There was a request for resources to learn more about machine learning and more advanced statistical modeling. I so wish we had more time for this, because this is the truly fun part!

In last year’s version of this class, Dr. Ted Laderas covered tidymodels and some machine learning topics, so I highly recommend watching those videos in class 9 and class 10.

There are more resources on the class readings page, but good places to start are

  • R for Data Science chapters on modeling
  • Tidy Modeling with R book by Max Kuhn and Julia Silge.
  • Julia Silge’s #TidyTuesday prediction screencasts for a quick overview of fitting models and evaluating them, for example this one on chocolate ratings.
  • The learning materials on tidymodels.org
  • And here’s a nice explanation of an unsupervised learning method PCA by Drs. Alison Horst, Allison Hill (formerly of OHSU, now at Rstudio), and Kristen Gorman.

Clearest Points

Missing data, data summary with regression tables and table 1 packages, saving excel files, biostats tie in.

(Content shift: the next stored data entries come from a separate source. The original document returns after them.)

lemma sent_state_eq:
  assumes "length x < 2 ^ m"
  shows "sent_state m x = (\<lambda>f. init_state f -
    2 / inner_on (alice_reg m) (alice_axis m x) (alice_axis m x) * alice_axis m x f)"
proof -
  have "supported_on (alice_reg m) (alice_axis m x)"
    by (rule supported_on_mono[OF _ supported_on_alice_axis]) (auto simp: alice_reg_def)
  with assms show ?thesis
    unfolding sent_state_def
    by (simp add: apply_op_reflection finite_alice_reg supported_on_init_state
        inner_on_init_state alice_axis_zero)
qed

lemma supported_on_sent_state:
  "length x < 2 ^ m \<Longrightarrow> supported_on (CQ ` {..<m}) (sent_state m x)"
  using supported_on_init_state supported_on_alice_axis
  by (simp add: sent_state_eq supported_on_def)

lemma sent_state_BQ0: "length x < 2 ^ m \<Longrightarrow> f (BQ 0) \<Longrightarrow> sent_state m x f = 0"
  using supported_on_sent_state by (auto simp: supported_on_def basis_on_def)

lemma sent_state_msg_code:
  assumes "length x < 2 ^ m" "i < length x"
  shows "sent_state m x (msg_code m i) =
    2 / inner_on (alice_reg m) (alice_axis m x) (alice_axis m x) * phase (x ! i)"
  using assms msg_code_neq_zero[of i m]
  by (simp add: sent_state_eq alice_axis_def init_state_zero phase_state_at inj_on_msg_code)

lemma inner_on_bob_axis_sent_state:
  assumes "length x = length y" "length x < 2 ^ m"
  shows "inner_on (bob_reg m) (bob_axis m y) (sent_state m x) =
    2 / inner_on (alice_reg m) (alice_axis m x) (alice_axis m x) *
    (\<Sum>i<length x. phase (x ! i) * phase (y ! i))"
  using assms
  by (simp add: bob_axis_def inner_on_diff_left inner_on_phase_state finite_bob_reg
      msg_code_in_bob_reg flagged_code_in_bob_reg sent_state_msg_code sent_state_BQ0
      sum_distrib_left mult_ac)

lemma final_state_hamming_proto:
  assumes "length x < 2 ^ m" "0 < m"
  shows "final_state (hamming_proto m) x y = (\<lambda>f. sent_state m x f -
    2 * inner_on (bob_reg m) (bob_axis m y) (sent_state m x) /
    inner_on (bob_reg m) (bob_axis m y) (bob_axis m y) * bob_axis m y f)"
proof -
  have "supported_on (bob_reg m) (sent_state m x)"
    by (rule supported_on_mono[OF _ supported_on_sent_state[OF assms(1)]])
      (auto simp: bob_reg_def)
  moreover have "run_upto (hamming_proto m) x y m = sent_state m x"
    using run_upto_hamming_proto[of "m - 1" m] assms(2) by simp
  ultimately show ?thesis
    by (simp add: final_state_def bob_holds_hamming_proto apply_op_reflection finite_bob_reg
        supported_on_bob_axis)
qed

I’m glad this rapid fire stats session wasn’t too confusing for most!

Other

Thank you so much for all the nice messages about how this class has been very useful. I hope this provides a foundation to go out and learn more R on your own. Once you get past the initial “steep learning curve” it’s really not hard to get to a point where you are an R master!

Thank you to our TA Colin for his careful and detailed feedback in grading!

I know there’s a risk of feedback fatigue with all these surveys but it has been so helpful to hear how the class is going for everyone and what worked and what didn’t. OHSU/PSU SPH doesn’t see these surveys, so I would also appreciate if you fill out the end of quarter official survey to let them know this class is useful and should be a permanent fixture on the schedule, or any other positive or negative feedback that you might have.